With that being said, the Four Key metrics are in turn:

Deployment Frequency: How often an organization releases to production.
Lead-Time For Change: The amount of time it takes a commit to get into production.
Change Failure Rate: The percentage of deployments causing a failure or incident in production.
Time To Restore Service: how long it takes an organization to recover from a failure in production.

Why do we think these metrics matter? Quite simply: measured correctly, they are difficult to game, they capture reliability of a service remarkably well, as well as level of friction in deploying. Finally, Deployment Frequency is a reasonably accurate proxy for team velocity.

This is really what we should look for in metrics: How robust are they against perverting incentives to game them? How objective/subjective are they? Are they a reasonable proxy for an outcome we are looking for? Remember, where metrics are concerned, activity is not achievement.

SRE metrics

The SRE metrics are detailed in depth in Googles freely available SRE books. Again, for an in-depth guide, read them.

The reason we care about SRE-metrics, is that they again capture the reliability of a system, and the amount of reactive “fixing” work (“toil”) required to keep systems running. Furthermore, the metrics provide a mechanism for resolving the conflict between features vs reliability, and resolving the commonly occurring release hesitance in many organisations due to previous failed releases.

Service Level Indicator, Service Level Objectives, Service Level Agreements

There are three initial concepts to SRE metrics, that are not metrics, but valuable to understand:

Service Level Indicator’s (“SLI”) are the top-level concept, which are simply things that may indicate service quality, for instance, latency or error-rates/availability.
Service Level Objectives (“SLO”) are, for our purposes, the key indicator: an SLO is effectively the level on an SLI that we are aiming for. For instance, 99% availability if we are looking at an availability SLI.
Service Level Agreements (“SLA”): SLAs are a contractual commitment to an SLO, which typically involves all three of technical, legal and commercial implications.

As we proceed, it is important to primarily understand the relationship between SLI & SLO.

Error budgets

Error budgets are the measure that we monitor and alert on in our service observability. If we have an SLO of 99% availability, meaning as an example 99% of requests to a web-server should return non-500 response codes, this means we have a 1% error threshold. If we subsequently make a bad deployment that increases the number of errors inside a measuring period (say 30 days) to 0.5%, this would mean we have burned through 50% of our error budget.

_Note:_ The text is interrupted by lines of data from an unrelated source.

lemma bilinear_symmetric_wrt_vertices_off_diagonal:
  fixes P :: "real^'n \<Rightarrow> real^'n \<Rightarrow> real"
  assumes bil: "bilinear P" and sym: "\<And>u v. P u v = P v u"
    and inv: "symmetric_wrt vertices (\<lambda>x. P x x)"
    and "i < n+2" "j < n+2" "i \<noteq> j"
  shows "P (q i) (q j) = P (q 0) (q 1)"
proof -
  have cycle: "P (vertex_cycle i j k u) (vertex_cycle i j k v) = P u v"
    if "i < n+2" "j < n+2" "k < n+2" "distinct [i, j, k]" for i j k u v
    using bil sym linear_vertex_cycle symmetric_wrt_vertices_cycle[OF inv that]
    by (rule bilinear_invariant_if_diagonal_invariant)
  have row: "P (q i) (q j) = P (q i) (q k)"
    if "i < n+2" "j < n+2" "k < n+2" "i \<noteq> j" "i \<noteq> k" for i j k
  proof (cases "j = k")
    case False
    have "P (q i) (q k) = P (vertex_cycle j i k (q j)) (vertex_cycle j i k (q i))"
      using that False by (simp add: vertex_cycle_vertex)
    also have "\<dots> = P (q j) (q i)"
      using that False by (intro cycle) auto
    finally show ?thesis
      using sym by simp
  qed simp
  show ?thesis
  proof (cases "i = 0")
    case True
    then show ?thesis
      using assms(4-) row[of 0 j 1] by simp
  next
    case False
    then have "P (q i) (q j) = P (q 0) (q i)"
      using assms(4-) row[of i j 0] sym by simp
    also have "\<dots> = P (q 0) (q 1)"
      using assms(4-) False row[of 0 i 1] by simp
    finally show ?thesis .
  qed
qed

To make sure we catch these issues, we should have alerts tuned to going off quickly when our error burn-rate inside some time (say 5 minutes and/or 15 minutes) goes above a meaningful threshold. This way, we connect our Error budgets to our observability and ultimately alerting.

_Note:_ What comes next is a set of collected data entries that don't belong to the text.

(* Let $p$ be an odd prime, $q=p^m$, $q=et+1$ with integers $e\geq 2,t\geq 1$, $R_{e,q}=\mathbb{F}_q[u]/\langle u^e-1\rangle$ with orthogonal idempotents $\mu_1,\dots,\mu_e$ (see context), and assume $\gcd(n,q)=1$. Let $\mathcal{C}=\bigoplus_{i=1}^e\mu_i\mathcal{C}_i$ be a cyclic code of length $n$ over $R_{e,q}$, where $\mathcal{C}_i=\langle g_i(x)\rangle$ is a cyclic code of length $n$ over $\mathbb{F}_q$ with $g_i(x)$ a monic divisor of $x^n-1$, for $1\leq i\leq e$. Then $\mathcal{C}$ is an LCD code if and only if $g_i(x)$ is a self-reciprocal polynomial over $\mathbb{F}_q$ for every $1\leq i\leq e$.
   Context: Write $u^e-1=\prod_{i=1}^e(u-\alpha_i)$ over $\mathbb{F}_q$, $G_i=u-\alpha_i$, $\widehat{G}_i=(u^e-1)/G_i$, $z_iG_i+h_i\widehat{G}_i=1$, $\mu_i=h_i\widehat{G}_i$; these are pairwise orthogonal idempotents summing to $1$. For a linear code $\mathcal{C}\subseteq R_{e,q}^n$, $\mathcal{C}_i=\{s_i\in\mathbb{F}_q^n:\exists\, s_j\ (j\neq i)\text{ with }\sum_{j}s_j\mu_j\in\mathcal{C}\}$ and $\mathcal{C}=\bigoplus_i\mu_i\mathcal{C}_i$. A code is LCD if $\mathcal{C}\cap\mathcal{C}^\perp=\{0\}$ (Euclidean dual). A polynomial $g$ is self-reciprocal if $x^{\deg g}g(1/x)$ equals $g$ up to a nonzero scalar. *)

theory Defs
  imports "HOL-Computational_Algebra.Computational_Algebra"
begin

text \<open>The ring R_{e,q} = F_q[u]/(u^e - 1): elements are represented by polynomials
  reduced modulo u^e - 1.\<close>

definition ue1 :: "nat \<Rightarrow> 'a::field poly" where
  "ue1 e = monom 1 e - 1"

definition Rmod :: "nat \<Rightarrow> 'a::field poly \<Rightarrow> 'a poly" where
  "Rmod e f = f mod ue1 e"

definition Gpol :: "(nat \<Rightarrow> 'a::field) \<Rightarrow> nat \<Rightarrow> 'a poly" where
  "Gpol \<alpha> i = [:- \<alpha> i, 1:]"

definition Ghat :: "nat \<Rightarrow> (nat \<Rightarrow> 'a::field) \<Rightarrow> nat \<Rightarrow> 'a poly" where
  "Ghat e \<alpha> i = ue1 e div Gpol \<alpha> i"

definition hpol :: "nat \<Rightarrow> (nat \<Rightarrow> 'a::field) \<Rightarrow> nat \<Rightarrow> 'a poly" where
  "hpol e \<alpha> i = (SOME h. \<exists>z. z * Gpol \<alpha> i + h * Ghat e \<alpha> i = 1)"

definition mu :: "nat \<Rightarrow> (nat \<Rightarrow> 'a::field) \<Rightarrow> nat \<Rightarrow> 'a poly" where
  "mu e \<alpha> i = Rmod e (hpol e \<alpha> i * Ghat e \<alpha> i)"

definition Rvecs :: "nat \<Rightarrow> nat \<Rightarrow> (nat \<Rightarrow> 'a::field poly) set" where
  "Rvecs e n = {v. (\<forall>j. Rmod e (v j) = v j) \<and> (\<forall>j\<ge>n. v j = 0)}"

definition Rinner :: "nat \<Rightarrow> nat \<Rightarrow> (nat \<Rightarrow> 'a::field poly) \<Rightarrow> (nat \<Rightarrow> 'a poly) \<Rightarrow> 'a poly" where
  "Rinner e n x y = Rmod e (\<Sum>j<n. x j * y j)"

definition Rdual :: "nat \<Rightarrow> nat \<Rightarrow> (nat \<Rightarrow> 'a::field poly) set \<Rightarrow> (nat \<Rightarrow> 'a poly) set" where
  "Rdual e n C = {y \<in> Rvecs e n. \<forall>x\<in>C. Rinner e n x y = 0}"

definition is_LCD :: "nat \<Rightarrow> nat \<Rightarrow> (nat \<Rightarrow> 'a::field poly) set \<Rightarrow> bool" where
  "is_LCD e n C \<longleftrightarrow> C \<inter> Rdual e n C = {(\<lambda>j. 0)}"

text \<open>The cyclic code <g> of length n over F_q, i.e. the ideal generated by g in
  F_q[x]/(x^n - 1), as a set of coefficient vectors (indexed 0..n-1, zero beyond).\<close>

definition cyclic_code :: "nat \<Rightarrow> 'a::field poly \<Rightarrow> (nat \<Rightarrow> 'a) set" where
  "cyclic_code n g = {(\<lambda>j. coeff ((f * g) mod (monom 1 n - 1)) j) | f. True}"

definition code_R :: "nat \<Rightarrow> (nat \<Rightarrow> 'a::field) \<Rightarrow> nat \<Rightarrow> (nat \<Rightarrow> 'a poly) \<Rightarrow> (nat \<Rightarrow> 'a poly) set" where
  "code_R e \<alpha> n g = {(\<lambda>j. Rmod e (\<Sum>i=1..e. mu e \<alpha> i * [:s i j:])) | s.
      \<forall>i\<in>{1..e}. s i \<in> cyclic_code n (g i)}"

text \<open>Self-reciprocal: x^{deg g} g(1/x) (= reflect_poly g) is a nonzero scalar multiple of g.\<close>

definition self_reciprocal :: "'a::field poly \<Rightarrow> bool" where
  "self_reciprocal g \<longleftrightarrow> (\<exists>c. c \<noteq> 0 \<and> reflect_poly g = smult c g)"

If we burn through our entire error-budget for a measuring period (usually 30 days), this would imply we do no more feature-releases until the underlying causes of the burned error budget have been corrected with reliability work and a reliability release. This is effectively our mechanical rule, to balance priorities between reliability work and new feature work.

Percentage toil-work

This is perhaps the metric that is not really a metric, but more of a rule of thumb: if people with ops-centric roles spend 50% or more of their time working reactively, fixing environments, production, responding to requests etc, this is a red flag. If the amount of “toil” is more than 50%, efforts should be made to automate the toil away, until it is lower. A higher rate will lead to burn out, but also shows serious operational deficiencies in the organisation.

Other metrics

Apart from DORA- and SRE metrics, we have a few other metrics that are worth keeping an eye on:

Flow time

Flow time is similar to DORA’s “Lead-Time For Change”, with the exception that LTFC is counted from committed change to production, whereas flow-time is from accepted work item (planned, soon to be worked-on, but not started) to production. Therefore, Flow-time can give a little bit more nuance to measuring how long it takes for new features to be accepted and refined, to when they are in production.

Flow distribution

Flow distribution, again, gives more nuance to DORA’s Change Failure Rate: flow distribution, simply put, counts the distribution of work between bugs, features, operability improvements and any other categories of work you may have. It is a useful indicator to see if enough effort is going into testing and reliability, if the system is operable enough.

PR lead-time & rework

We would include two metrics in this:

PR lead-time (time from open until merged/closed)
PR rework (number of PR with changes made after review)

We generally advise against a pure Pull Request-based workflow unless necessary. Why?

Because the Pull Requests come too late: the cost of change, cost of rework, cost of interruption, and context switches for author and reviewer alike make pull-request based workflows expensive.

A little discussion and design upfront, followed by a live, 1-on-1 review at the end can take mere minutes, sometimes saving hours and days of back-and-forth around a pull request.

That being said, it is quite likely, even adopting this approach, you will have notional PR’s before merging to main. In either case,measuring Pull Request lead-time (time from PR opened until merged) is a start, but does not reveal the entire picture of health around reviews.

We would use PR lead-time as a top-level indicator, but also check how many rounds of comments and commits after raising a PR are required before, to further drill into the health of change-flow.

Other potential indicators

Error log volume

We are big proponents of observability, but with great observability, comes great costs. At least if you log promiscuously. We would suggest log volume per service as an additional health check on services.

We would further recommend that all logging except error logging should only be temporary for debugging purposes (ideal state is 0 INFO or DEBUG logs). And error-logging should be reserved for truly exceptional circumstances out of the control of the system, or indicating defects in the system, rather than something that is generated as part of just running a service normally.

This being said, the ideal volume of logs in general, and error logs in particular, should be exceedingly low.

Team health/psychological safety

A team that feels psychologically safe, and feels they have control over their work and ways of working, is a team that will raise genuine concerns, give each other honest feedback, and help each other continuously grow and improve.

Doing an occasional anonymous Team Health-check, as well as a psychological safety survey, will help catch any warning signs. Please consider doing these on a monthly or quarterly basis. The Spotify team health check is a good starting point, as is Fearless Organizations psychological safety survey.

Conclusion

To summarize what we wrote in the introduction to this post:

Do:

Use metrics to identify areas of improvement in a team.
Use metrics as an early warning system to potential issues.
Compare a team to itself.

Don’t:

Try to break down metrics to the individual developer level!
Be careful about comparing teams to each other, this is frequently apples and oranges.
Rank teams or individuals based on metrics.